Intellectual capital refers to the value of a company’s collective knowledge and resources that can provide it with some form of economic benefit. It’s also used to identify a firm’s intangible assets and divide them into meaningful categories.
The Three Branches of Intellectual Capital
Intellectual capital is broadly summarized into three different types of capital:
1. Human Capital
Human capital is the umbrella term for the skills, education, experience, and value of an organization’s workforce. It’s the know-how and expertise of individuals within a company, which can bring the company value. An organization’s human capital also shows how effectively management uses resources to help employees achieve their potential.
2. Relational Capital
Relational capital consists of all the valuable relationships that an organization maintains with customers, suppliers, partners, clients, and other external entities.

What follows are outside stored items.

(* A set $S\subseteq\mathbb Z$ is $a$-nice for some $a\in\mathbb Z$ if and only if the following three conditions hold: (1) if $b\in S$ then $b-n\in S$; (2) $|S\cap\mathbb Z_{>0}|<\infty$; (3) $|\mathbb Z_{<0}\setminus S|<\infty$.
   Context: $\hat S_n$ is the affine symmetric group with generators $s_0,\dots,s_{n-1}$ (indices mod $n$). It acts on $\mathbb Z$ by $s_i(a)=a+1$ if $a\equiv i\pmod n$, $s_i(a)=a-1$ if $a\equiv i+1\pmod n$, and $s_i(a)=a$ otherwise; this induces an action on subsets of $\mathbb Z$. Let $\mathbb Z_{\le a}=\{b\in\mathbb Z: b\le a\}$. A subset $S\subseteq\mathbb Z$ is $a$-nice if $S=w(\mathbb Z_{\le a})$ for some $w\in\hat S_n$. *)

theory Defs
  imports Main
begin

definition affgen :: "nat \<Rightarrow> int \<Rightarrow> int \<Rightarrow> int" where
  "affgen n i a =
     (if a mod int n = i mod int n then a + 1
      else if a mod int n = (i + 1) mod int n then a - 1
      else a)"

text \<open>Elements of the affine symmetric group: finite products of generators
  s_0, ..., s_(n-1), realised as their action on the integers.\<close>
definition affperm :: "nat \<Rightarrow> (int \<Rightarrow> int) set" where
  "affperm n = {foldr (\<lambda>i f. affgen n i \<circ> f) is id | is.
                  set is \<subseteq> {0..<int n}}"

definition nice :: "nat \<Rightarrow> int \<Rightarrow> int set \<Rightarrow> bool" where
  "nice n a S \<longleftrightarrow> (\<exists>w \<in> affperm n. S = w ` {..a})"

end

theory Submission imports Defs begin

It also encompasses brand names, reputation, and trademarks that a company owns.
3. Structural Capital
Structural capital is the organization, process, and innovation capital that supports an organization’s human and relational capital. It includes culture, processes, databases, intellectual property (IP), non-physical infrastructure, hierarchy, and more. It refers to the knowledge and value that belongs to an organization’s structure and processes.
Measuring Intellectual Capital
Intellectual capital can be measured in various ways. However, there is no consistent method of measurement that’s widely accepted, and as a result, it can be difficult to pinpoint an exact way to quantify it.
Intellectual capital is considered an “asset” but is not accounted for on a company’s balance sheet, though some of its value is captured in intangible assets like goodwill and intellectual property. Therefore, a company’s financial statements may not reflect the value of its human, relational, or structural capital.
Here are a few methods developed to measure intellectual capital:
1. Market Value-to-Book Value Ratio (MV/BV)
The Market Value-to-Book Value Ratio (MV/BV) shows how much a company is valued beyond its financial strength. However, given that several external factors can influence a company’s market value, the ratio may not always be an accurate measure of intellectual property.
2. The Balanced Scorecard method
The Balanced Scorecard method is a metric that looks at organizational performance from a financial, customer, internal process, and growth perspective to show how much value is created at each stage.
3. The Skandia Navigator
The Skandia Navigator is a collection of measurement methods for intangible assets that cover five broad components: financial, customer, process, renewal and development, and human.
Apple’s human capital consists of all the knowledge, expertise, and skills belonging to its individual employees. Therefore, if Apple hires a software engineer who is an expert in artificial intelligence (AI), it effectively bolsters its human capital by adding that extra amount of knowledge.
Suppose Company X maintains a long-term, mutually beneficial relationship with its supplier. Such a relationship adds value to the company’s relational capital through a positive reputation and a positive relationship with an external entity. Similarly, brand-loyal customers, trademarks, and partnerships all add to a company’s relational capital.
If a company patented an innovative technology (i.e., intellectual property) or maximized efficiency in decision making and processes through its organizational structure, it effectively added value to its structural capital.